Alltech, the Nicholasville-based animal health supplements maker with locations requiring IT services in 119 countries and across the United States, contracts with SIS for recovery and continuity services and used those facilities last month.

On Nov. 14, Alltech ran a surprise continuity drill when many of its 50 IT employees happened to be in Kentucky, said Tim Arthur, CIO and director of management information systems. Arthur unexpectedly declared to IT staff that an earthquake had occurred beneath Nicholasville, the main data center had to be shut down and its backup brought online.

“We have run similar exercises, but not to this extent,” Arthur said. Crediting what he called an incredibly helpful emergency services team at SIS, including special computer engineers, Alltech staff came to the Lexington headquarters “and literally within hours were able to recreate our infrastructure and be up and running in less than a day.”

Alltech’s data operations are large, he said, and when he first told IT staff several years ago the company had set a goal of being able to accomplish the same task in 48 hours, “I was laughed at and told it couldn’t be done.”

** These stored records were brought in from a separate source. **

lemma has_vector_derivative_series:
  fixes f f' :: "nat \<Rightarrow> real \<Rightarrow> 'a::banach"
  assumes "open S" "convex S" "x \<in> S"
    and deriv: "\<And>n x. x \<in> S \<Longrightarrow> (f n has_vector_derivative f' n x) (at x)"
    and unif: "uniform_limit S (\<lambda>n x. \<Sum>i<n. f' i x) g' sequentially"
    and summable: "\<And>x. x \<in> S \<Longrightarrow> summable (\<lambda>n. f n x)"
  shows "((\<lambda>x. \<Sum>n. f n x) has_vector_derivative g' x) (at x)"
proof -
  have "\<exists>g. \<forall>x\<in>S. (\<lambda>n. f n x) sums g x \<and>
      (g has_derivative (\<lambda>h. h *\<^sub>R g' x)) (at x within S)"
  proof (rule has_derivative_series[OF \<open>convex S\<close> _ _ \<open>x \<in> S\<close>])
    show "(f n has_derivative (\<lambda>h. h *\<^sub>R f' n y)) (at y within S)" if "y \<in> S" for n y
      using deriv[OF that] by (simp add: has_vector_derivative_def has_derivative_at_withinI)
    show "(\<lambda>n. f n x) sums (\<Sum>n. f n x)"
      using summable[OF \<open>x \<in> S\<close>] by (rule summable_sums)
    fix e :: real assume "0 < e"
    have "norm ((\<Sum>i<n. h *\<^sub>R f' i y) - h *\<^sub>R g' y) \<le> e * norm h"
      if "dist (\<Sum>i<n. f' i y) (g' y) < e" for n y h
      using that mult_left_mono[of "dist (\<Sum>i<n. f' i y) (g' y)" e "\<bar>h\<bar>"]
      by (simp add: dist_norm mult.commute flip: scaleR_sum_right scaleR_diff_right)
    then show "\<forall>\<^sub>F n in sequentially. \<forall>y\<in>S. \<forall>h.
        norm ((\<Sum>i<n. h *\<^sub>R f' i y) - h *\<^sub>R g' y) \<le> e * norm h"
      using uniform_limitD[OF unif \<open>0 < e\<close>] by (auto elim!: eventually_mono)
  qed
  then obtain g where g: "\<And>y. y \<in> S \<Longrightarrow> (\<lambda>n. f n y) sums g y \<and>
      (g has_derivative (\<lambda>h. h *\<^sub>R g' y)) (at y within S)"
    by blast
  then have "(g has_derivative (\<lambda>h. h *\<^sub>R g' x)) (at x)"
    using at_within_open[OF \<open>x \<in> S\<close> \<open>open S\<close>] \<open>x \<in> S\<close> by metis
  then have "((\<lambda>x. \<Sum>n. f n x) has_derivative (\<lambda>h. h *\<^sub>R g' x)) (at x)"
    by (rule has_derivative_transform_within_open[OF _ \<open>open S\<close> \<open>x \<in> S\<close>])
       (use g in \<open>auto simp: sums_iff\<close>)
  then show ?thesis by (simp add: has_vector_derivative_def)
qed
lemma cong_Zp_trans [trans]:
  assumes "cong_Zp a b p" "cong_Zp b c p"
  shows "cong_Zp a c p"
proof -
  obtain r s where "p_integral p r" "a - b = of_int p * r" "p_integral p s" "b - c = of_int p * s"
    using assms by (auto simp: cong_Zp_iff)
  then show ?thesis
    unfolding cong_Zp_iff by (intro exI[of _ "r + s"]) (auto simp: algebra_simps)
qed

lemma cong_Zp_add:
  assumes "cong_Zp a b p" "cong_Zp c d p"
  shows "cong_Zp (a + c) (b + d) p"
proof -
  obtain r s where "p_integral p r" "a - b = of_int p * r" "p_integral p s" "c - d = of_int p * s"
    using assms by (auto simp: cong_Zp_iff)
  then show ?thesis
    unfolding cong_Zp_iff by (intro exI[of _ "r + s"]) (auto simp: algebra_simps)
qed

lemma cong_Zp_sum:
  assumes "\<And>i. i \<in> A \<Longrightarrow> cong_Zp (f i) (g i) p"
  shows "cong_Zp (sum f A) (sum g A) p"
  using assms
  by (induction A rule: infinite_finite_induct) (auto intro: cong_Zp_add cong_Zp_refl)

lemma cong_Zp_mult_left:
  assumes "p_integral p c" "cong_Zp a b p"
  shows "cong_Zp (c * a) (c * b) p"
proof -
  obtain r where "p_integral p r" "a - b = of_int p * r"
    using assms(2) by (auto simp: cong_Zp_iff)
  then show ?thesis
    using assms(1) unfolding cong_Zp_iff
    by (intro exI[of _ "c * r"]) (auto simp: algebra_simps)
qed

lemma cong_Zp_zero_fraction:
  assumes "p dvd a" "coprime b p"
  shows "cong_Zp 0 (of_int a / of_int b) p"
proof -
  obtain k where "a = p * k" using assms(1) by blast
  then show ?thesis
    using p_integral_fraction[OF assms(2), of "- k"] unfolding cong_Zp_iff
    by (intro exI[of _ "of_int (- k) / of_int b"]) auto
qed

lemma cong_Zp_power_diff_inverse:
  assumes "[x ^ n = 1] (mod p)" "coprime x p" "x \<noteq> 0" "k \<le> n"
  shows "cong_Zp (of_int (x ^ (n - k))) (1 / of_int (x ^ k)) p"
proof -
  obtain q where q: "x ^ n - 1 = p * q"
    using assms(1) by (metis cong_iff_dvd_diff dvdE)
  have "x ^ (n - k) * x ^ k = x ^ n"
    using assms(4) by (simp flip: power_add)
  then have "(of_int x :: rat) ^ (n - k) * of_int x ^ k = of_int x ^ n"
    by (metis of_int_mult of_int_power)
  then have "of_int (x ^ (n - k)) - 1 / of_int (x ^ k) = (of_int (x ^ n - 1) / of_int (x ^ k) :: rat)"
    using assms(3) by (simp add: field_simps flip: of_int_mult)
  also have "\<dots> = of_int p * (of_int q / of_int (x ^ k))"
    by (simp add: q)
  finally show ?thesis
    unfolding cong_Zp_iff using p_integral_fraction[of "x ^ k" p q] assms(2) by auto
qed

lemma fermat_theorem_int:
  fixes p a :: int
  assumes "prime p" "\<not> p dvd a"
  shows "[a ^ (nat p - 1) = 1] (mod p)"
proof -
  have "p > 1" using assms(1) prime_gt_1_int by blast
  define q where "q = nat p"
  have p: "p = int q" "prime q" using assms(1) \<open>p > 1\<close> by (auto simp: q_def)
  have "\<not> int q dvd int (nat (a mod p))"
    using assms(2) \<open>p > 1\<close> by (simp add: dvd_mod_iff flip: p(1))
  then have "\<not> q dvd nat (a mod p)"
    by (metis int_dvd_int_iff)
  then have "[nat (a mod p) ^ (q - 1) = 1] (mod q)"
    using fermat_theorem[OF p(2)] by blast
  then have "[(a mod p) ^ (nat p - 1) = 1] (mod p)"
    using \<open>p > 1\<close> by (simp add: p flip: cong_int_iff)
  then show ?thesis
    by (simp add: cong_def power_mod)
qed

lemma prime_exists_power_not_cong_1:
  fixes p :: int
  assumes "prime p" "\<not> (nat p - 1) dvd e"
  obtains g where "coprime g p" "\<not> [g ^ e = 1] (mod p)"
proof -
  have "p > 1" using assms(1) prime_gt_1_int by blast
  define q where "q = nat p"
  have p: "p = int q" "prime q" using assms(1) \<open>p > 1\<close> by (auto simp: q_def)
  obtain g where g: "residue_primroot q g"
    using prime_primitive_root_exists[OF prime_gt_1_nat[OF p(2)] p(2)] by blast
  then have "ord q g = q - 1" "coprime q g"
    using p(2) by (auto simp: residue_primroot_def totient_prime)
  then have "\<not> [g ^ e = 1] (mod q)"
    using assms(2) by (simp add: ord_divides' q_def)
  then have "\<not> [int g ^ e = 1] (mod p)"
    by (simp add: p flip: cong_int_iff)
  moreover have "coprime (int g) p"
    using \<open>coprime q g\<close> by (simp add: p coprime_commute)
  ultimately show ?thesis using that by blast
qed

lemma prime_dvd_power_sum:
  fixes p :: int
  assumes p: "prime p" and "\<not> (nat p - 1) dvd e"
  shows "p dvd (\<Sum>x\<in>{0..<p}. x ^ e)"
proof -
  have "p > 1" using prime_gt_1_int[OF p] .
  obtain g where g: "coprime g p" "\<not> [g ^ e = 1] (mod p)"
    using prime_exists_power_not_cong_1[OF assms] by blast
  define S where "S = (\<Sum>x\<in>{0..<p}. x ^ e)"
  text \<open>Multiplication by the unit \<open>g\<close> permutes the residues, so \<open>S \<equiv> g\<^sup>e S\<close>.\<close>
  define h where "h x = (g * x) mod p" for x
  have inj: "inj_on h {0..<p}"
  proof
    fix x y assume "x \<in> {0..<p}" "y \<in> {0..<p}" "h x = h y"
    then have "[x = y] (mod p)"
      using g(1) by (metis cong_def cong_mult_lcancel coprime_commute h_def)
    then show "x = y" using \<open>x \<in> _\<close> \<open>y \<in> _\<close> by (simp add: cong_def)
  qed
  have "h ` {0..<p} = {0..<p}"
    by (rule endo_inj_surj) (use inj \<open>p > 1\<close> in \<open>auto simp: h_def\<close>)
  then have "S = (\<Sum>x\<in>{0..<p}. h x ^ e)"
    unfolding S_def using sum.reindex[OF inj, of "\<lambda>x. x ^ e"] by simp
  also have "[\<dots> = (\<Sum>x\<in>{0..<p}. (g * x) ^ e)] (mod p)"
    by (intro cong_sum cong_pow) (simp add: h_def cong_def)
  also have "(\<Sum>x\<in>{0..<p}. (g * x) ^ e) = g ^ e * S"
    by (simp add: S_def power_mult_distrib sum_distrib_left)
  finally have "p dvd S - g ^ e * S"
    by (simp add: cong_iff_dvd_diff)
  then have "p dvd (g ^ e - 1) * S"
    by (metis dvd_minus_iff minus_diff_eq mult.commute mult_1 right_diff_distrib)
  moreover have "\<not> p dvd g ^ e - 1"
    using g(2) by (simp add: cong_iff_dvd_diff)
  ultimately show ?thesis
    using p by (simp add: S_def prime_dvd_mult_iff)
qed
lemma Phi_embedding_prog:
  assumes d: "chi (jump (jump X)) = Phi (chi Y) d"
  defines "p \<equiv> index_of (embedding_prog d)"
  shows "Phi (chi Y) (smn p i) (smn p j) =
    Some (smn p (LEAST k. Phi (chi X) k = Phi (chi X) (app_index i j)))"
proof -
  have "partial_mu arg_test (chr Y) (cpair i (smn p j)) = Some (LEAST k. smn p k = smn p j)"
    by (rule partial_mu_Least) (simp_all add: arg_test_def smn_fst_arg)
  also have "(LEAST k. smn p k = smn p j) = j"
    by (rule Least_equality) (auto dest: smn_inject)
  finally have arg: "partial_mu arg_test (chr Y) (cpair i (smn p j)) = Some j" .
  have d': "Phi (oracle_of (chr Y)) d n = Some (chr (jump (jump X)) n)" for n
    using fun_cong[OF d, of n] by (simp add: chi_chr)
  have "same_index_test d (chr Y) (cpair k m) = Some (if Phi (chi X) k = Phi (chi X) m then 0 else 1)" for k m
    unfolding same_index_test_def d' by (simp add: chr_def neq_index_in_jump_jump_iff)
  then have "partial_mu (same_index_test d) (chr Y) m = Some (LEAST k. Phi (chi X) k = Phi (chi X) m)" for m
    by (rule partial_mu_Least) (rule refl)
  with arg show ?thesis
    by (simp add: p_def Phi_smn chi_chr Phi_index_of[OF pcomputable_embedding_prog] embedding_prog_def
        smn_fst_arg)
qed

lemma jump_jump_le_imp_embedding:
  assumes "jump (jump X) \<le>\<^sub>T Y"
  shows "\<exists>f. pca_embedding (B_carrier X) B_app K1_carrier (K1_app Y) f"
proof -
  obtain d where d: "chi (jump (jump X)) = Phi (chi Y) d"
    using assms unfolding turing_le_def computable_in_def by blast
  define p where "p = index_of (embedding_prog d)"
  define f where "f \<psi> = smn p (least_index X \<psi>)" for \<psi>
  have "inj_on f (B_carrier X)"
    by (rule inj_onI) (metis f_def Phi_least_index smn_inject)
  moreover have "K1_app Y (f \<psi>) (f \<chi>) = Some (f c)"
    if "\<psi> \<in> B_carrier X" "\<chi> \<in> B_carrier X" "B_app \<psi> \<chi> = Some c" for \<psi> \<chi> c
  proof -
    let ?i = "least_index X \<psi>" and ?j = "least_index X \<chi>"
    have "c = Phi (chi X) (app_index ?i ?j)"
      using that B_app_Phi[of X ?i ?j] by (simp add: Phi_least_index)
    then show ?thesis
      using Phi_embedding_prog[OF d, of ?i ?j] by (simp add: K1_app_def f_def p_def least_index_Phi)
  qed
  ultimately have "pca_embedding (B_carrier X) B_app K1_carrier (K1_app Y) f"
    unfolding pca_embedding_def K1_carrier_def by blast
  then show ?thesis by blast
qed

theorem corollary6p19:
  fixes X Y :: "nat set"
  shows "(\<exists>f. pca_embedding (B_carrier X) B_app K1_carrier (K1_app Y) f)
         \<longleftrightarrow> jump (jump X) \<le>\<^sub>T Y"
  using embedding_imp_jump_jump_le jump_jump_le_imp_embedding by blast

end
(* CAR operators (Jordan-Wigner representation w.r.t. the lexicographic order of modes) *)
definition ann :: "mode \<Rightarrow> fconf mat" where
  "ann m = (\<lambda>S' S. if m \<in> S \<and> S' = S - {m}
                     then (-1) ^ card {m' \<in> S. m' < m} else 0)"

definition cre :: "mode \<Rightarrow> fconf mat" where
  "cre m = (\<lambda>S' S. cnj (ann m S S'))"

definition numop :: "nat \<Rightarrow> nat \<Rightarrow> mode \<Rightarrow> fconf mat" where
  "numop d L m = mmul (FC d L) (cre m) (ann m)"

definition Dop :: "nat \<Rightarrow> nat \<Rightarrow> fconf mat" where
  "Dop d L = (\<lambda>S' S. \<Sum>x\<in>Lam d L.
      mmul (FC d L) (numop d L (x, True)) (numop d L (x, False)) S' S)"

definition Mop :: "nat \<Rightarrow> nat \<Rightarrow> fconf mat" where
  "Mop d L = (\<lambda>S' S. \<Sum>x\<in>Lam d L.
      of_int (eta x) * (1/2) * (numop d L (x, True) S' S - numop d L (x, False) S' S))"

definition Top :: "nat \<Rightarrow> nat \<Rightarrow> real \<Rightarrow> site \<Rightarrow> site \<Rightarrow> fconf mat" where
  "Top d L t x y = (\<lambda>S' S. - of_real t * (\<Sum>\<sigma>\<in>(UNIV::bool set).
      mmul (FC d L) (cre (x, \<sigma>)) (ann (y, \<sigma>)) S' S + mmul (FC d L) (cre (y, \<sigma>)) (ann (x, \<sigma>)) S' S))"

(* spectral projection of D_Lambda at m (D_Lambda is diagonal in the occupation basis) *)
definition Pm :: "nat \<Rightarrow> nat \<Rightarrow> int \<Rightarrow> fconf mat" where
  "Pm d L m = (\<lambda>S' S. if S' = S \<and> Dop d L S S = of_int m then 1 else 0)"

(* B^(k) = sum_m P_{m+k} B P_m ; the spectrum of D_Lambda lies in {0..|Lambda|} *)
definition grade :: "nat \<Rightarrow> nat \<Rightarrow> int \<Rightarrow> fconf mat \<Rightarrow> fconf mat" where
  "grade d L k B = (\<lambda>S' S. \<Sum>m\<in>{0..int (card (Lam d L))}.
      mmul (FC d L) (mmul (FC d L) (Pm d L (m + k)) B) (Pm d L m) S' S)"

definition kset :: "nat \<Rightarrow> nat \<Rightarrow> int set" where
  "kset d L = {- int (card (Lam d L)) .. int (card (Lam d L))} - {0}"

definition offd :: "nat \<Rightarrow> nat \<Rightarrow> fconf mat \<Rightarrow> fconf mat" where
  "offd d L B = (\<lambda>S' S. \<Sum>k\<in>kset d L. grade d L k B S' S)"

(* I_h(B^(k)) = 1/(kU) sum_n (h/(kU))^n ad_M^n (B^(k)) ; series taken entrywise *)
definition Ik :: "nat \<Rightarrow> nat \<Rightarrow> real \<Rightarrow> real \<Rightarrow> int \<Rightarrow> fconf mat \<Rightarrow> fconf mat" where
  "Ik d L U h k B = (\<lambda>S' S. 1 / (of_int k * of_real U) *
      (\<Sum>n. (of_real h / (of_int k * of_real U)) ^ n *
            (((comm (FC d L) (Mop d L)) ^^ n) (grade d L k B)) S' S))"

definition Ioff :: "nat \<Rightarrow> nat \<Rightarrow> real \<Rightarrow> real \<Rightarrow> fconf mat \<Rightarrow> fconf mat" where
  "Ioff d L U h B = (\<lambda>S' S. \<Sum>k\<in>kset d L. Ik d L U h k B S' S)"

(* P: projection onto ker D_Lambda inside the half-filled space *)
definition Pproj :: "nat \<Rightarrow> nat \<Rightarrow> fconf mat" where
  "Pproj d L = (\<lambda>S' S. if S' = S \<and> card S = card (Lam d L) \<and> Dop d L S S = 0 then 1 else 0)"

definition Xop :: "nat \<Rightarrow> nat \<Rightarrow> real \<Rightarrow> real \<Rightarrow> real \<Rightarrow> site \<Rightarrow> site \<Rightarrow> fconf mat" where
  "Xop d L t U h x y =
     (let C = FC d L; T = offd d L (Top d L t x y); I = Ioff d L U h (Top d L t x y)
      in mmul C (mmul C (Pproj d L) (grade d L 0 (\<lambda>S' S. (1/2) * comm C I T S' S))) (Pproj d L))"

(* spin side: basis of (x)_{x in Lambda} C^2 = spin configurations on Lambda *)
definition SC :: "nat \<Rightarrow> nat \<Rightarrow> (site \<Rightarrow> bool) set" where
  "SC d L = {\<sigma>. \<forall>z. z \<notin> Lam d L \<longrightarrow> \<not> \<sigma> z}"

definition siteop :: "site \<Rightarrow> bool mat \<Rightarrow> (site \<Rightarrow> bool) mat" where
  "siteop x A = (\<lambda>\<sigma>' \<sigma>. if (\<forall>z. z \<noteq> x \<longrightarrow> \<sigma>' z = \<sigma> z) then A (\<sigma>' x) (\<sigma> x) else 0)"

(* Pauli matrices, rows/columns indexed by True = up, False = down *)
definition pauli :: "nat \<Rightarrow> bool mat" where
  "pauli a = (\<lambda>i j.
     if a = 1 then (if i \<noteq> j then 1 else 0)
     else if a = 2 then (if i = j then 0 else if i then - \<i> else \<i>)
     else (if i \<noteq> j then 0 else if i then 1 else -1))"

definition Sop :: "site \<Rightarrow> nat \<Rightarrow> (site \<Rightarrow> bool) mat" where
  "Sop x a = siteop x (\<lambda>i j. (1/2) * pauli a i j)"

definition Bspin :: "nat \<Rightarrow> nat \<Rightarrow> site \<Rightarrow> site \<Rightarrow> (site \<Rightarrow> bool) mat" where
  "Bspin d L x y = (\<lambda>\<sigma>' \<sigma>. (1/4) * mid \<sigma>' \<sigma> -
      (\<Sum>a\<in>{1,2,3::nat}. mmul (SC d L) (Sop x a) (Sop y a) \<sigma>' \<sigma>))"

(* |sigma>_f = c*_{x1 sigma_x1} ... c*_{xN sigma_xN} |0> for the ordering xs *)
primrec fvec :: "nat \<Rightarrow> nat \<Rightarrow> site list \<Rightarrow> (site \<Rightarrow> bool) \<Rightarrow> fconf \<Rightarrow> complex" where
  "fvec d L [] \<sigma> = (\<lambda>S. if S = {} then 1 else 0)"
| "fvec d L (z # zs) \<sigma> = (\<lambda>S'. \<Sum>S\<in>FC d L. cre (z, \<sigma> z) S' S * fvec d L zs \<sigma> S)"

(* matrix of U X U^* in the spin basis: <sigma'|_f X |sigma>_f *)
definition Uconj :: "nat \<Rightarrow> nat \<Rightarrow> site list \<Rightarrow> fconf mat \<Rightarrow> (site \<Rightarrow> bool) mat" where
  "Uconj d L xs X = (\<lambda>\<sigma>' \<sigma>. \<Sum>S'\<in>FC d L. \<Sum>S\<in>FC d L.
      cnj (fvec d L xs \<sigma>' S') * X S' S * fvec d L xs \<sigma> S)"

definition spin_supported :: "nat \<Rightarrow> nat \<Rightarrow> site set \<Rightarrow> (site \<Rightarrow> bool) mat \<Rightarrow> bool" where
  "spin_supported d L Z A \<longleftrightarrow> (\<exists>K :: (site \<Rightarrow> bool) mat. \<forall>\<sigma>'\<in>SC d L. \<forall>\<sigma>\<in>SC d L.
      A \<sigma>' \<sigma> = (if \<forall>z\<in>Lam d L - Z. \<sigma>' z = \<sigma> z
                 then K (\<lambda>z. z \<in> Z \<and> \<sigma>' z) (\<lambda>z. z \<in> Z \<and> \<sigma> z) else 0))"

definition Jxy :: "real \<Rightarrow> real \<Rightarrow> real \<Rightarrow> real" where
  "Jxy t U h = 4 * t^2 * U / (U^2 - h^2)"

definition bxy :: "real \<Rightarrow> real \<Rightarrow> real \<Rightarrow> real" where
  "bxy t U h = 2 * h * t^2 / (U^2 - h^2)"

end

theory Submission
  imports Defs
begin

text \<open>From a configuration with every site singly occupied, a hop across the bond creates exactly
  one doubly occupied site and changes the staggered magnetisation \<open>M\<^sub>\<Lambda>\<close> by \<open>\<plusminus>1\<close>. Hence on
  the matrix elements of \<open>T\<^sub>e\<^sup>off\<close> leaving or entering such a configuration the series defining
  \<open>\<I>\<^sub>h\<close> is geometric, with sum \<open>T\<^sub>e/(kU - h \<Delta>M)\<close>, and between singly occupied states
  \<open>X\<^sub>x\<^sub>y(h)\<close> becomes a sum over pairs of hops of \<open>t\<^sup>2 (1/(-U - h q\<^sub>1) - 1/(U - h q\<^sub>2)) c\<^sup>*c c\<^sup>*c\<close>.
  Pulling the two creators at the bond to the front of the Jordan--Wigner vector \<open>|\<sigma>\<rangle>\<^sub>f\<close> and
  moving the hops through them with the anticommutation relations leaves an explicit matrix in the
  two spins at \<open>x\<close> and \<open>y\<close>: it couples only antiparallel pairs, with diagonal entries
  \<open>-2t\<^sup>2/(U \<plusminus> h)\<close> and exchange amplitude \<open>t\<^sup>2 (1/(U+h) + 1/(U-h))\<close>, which is exactly the matrix
  of \<open>-J B + b (S\<^sup>3\<^sub>x - S\<^sup>3\<^sub>y)\<close>.\<close>

section \<open>Fermionic Fock space\<close>

lemma finite_Lam: "finite (Lam d L)"
  unfolding Lam_def
  by (rule finite_subset[OF _ finite_lists_length_eq[of "{..<L}" d]]) auto

definition modes :: "nat \<Rightarrow> nat \<Rightarrow> mode set" where
  "modes d L = Lam d L \<times> UNIV"

lemma finite_modes: "finite (modes d L)"
  unfolding modes_def using finite_Lam by simp

lemma finite_FC: "finite (FC d L)"
  unfolding FC_def using finite_modes[unfolded modes_def] by simp

lemma finite_FC_element: "S \<in> FC d L \<Longrightarrow> finite S"
  unfolding FC_def using finite_modes[unfolded modes_def] by (auto intro: finite_subset)

lemma FC_remove: "S \<in> FC d L \<Longrightarrow> S - {m} \<in> FC d L"
  unfolding FC_def by auto

definition mat_vec :: "'a set \<Rightarrow> 'a mat \<Rightarrow> ('a \<Rightarrow> complex) \<Rightarrow> 'a \<Rightarrow> complex" where
  "mat_vec C A v = (\<lambda>S'. \<Sum>S\<in>C. A S' S * v S)"

definition supported :: "'a set \<Rightarrow> ('a \<Rightarrow> complex) \<Rightarrow> bool" where
  "supported C v \<longleftrightarrow> (\<forall>S. v S \<noteq> 0 \<longrightarrow> S \<in> C)"

lemma mat_vec_add: "mat_vec C A (\<lambda>S. f S + g S) = (\<lambda>S. mat_vec C A f S + mat_vec C A g S)"
  unfolding mat_vec_def by (simp add: distrib_left sum.distrib)

lemma mat_vec_diff: "mat_vec C A (\<lambda>S. f S - g S) = (\<lambda>S. mat_vec C A f S - mat_vec C A g S)"
  unfolding mat_vec_def by (simp add: right_diff_distrib sum_subtractf)

lemma mat_vec_scale: "mat_vec C A (\<lambda>S. c * f S) = (\<lambda>S. c * mat_vec C A f S)"
  unfolding mat_vec_def by (simp add: sum_distrib_left algebra_simps)

lemma mat_vec_zero: "mat_vec C A (\<lambda>S. 0) = (\<lambda>S. 0)"
  unfolding mat_vec_def by simp

lemma mat_vec_if: "mat_vec C A (\<lambda>S. if P then f S else 0) = (\<lambda>S. if P then mat_vec C A f S else 0)"
  by (cases P) (simp_all add: mat_vec_zero)

lemma mat_vec_mmul: "mat_vec C (mmul C A B) v = mat_vec C A (mat_vec C B v)"
proof
  fix S'
  have "mat_vec C (mmul C A B) v S' = (\<Sum>S\<in>C. \<Sum>K\<in>C. A S' K * (B K S * v S))"
    unfolding mat_vec_def mmul_def by (simp add: sum_distrib_right mult.assoc)
  also have "\<dots> = (\<Sum>K\<in>C. \<Sum>S\<in>C. A S' K * (B K S * v S))" by (rule sum.swap)
  also have "\<dots> = mat_vec C A (mat_vec C B v) S'"
    unfolding mat_vec_def by (simp add: sum_distrib_left)
  finally show "mat_vec C (mmul C A B) v S' = mat_vec C A (mat_vec C B v) S'" .
qed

Arthur now believes 12 hours is possible, having identified human considerations rather than technical issues as the bigger hurdle in disaster response.

“The limitation … is us having to check on our families, etc., before doing the work,” he said.

Cloud computing capabilities exist today that could allow Alltech to have its system “back up and running seamlessly and never even have known we were down,” Arthur said, but there would be a large cost. “That’s not our goal. We’re not an Amazon.”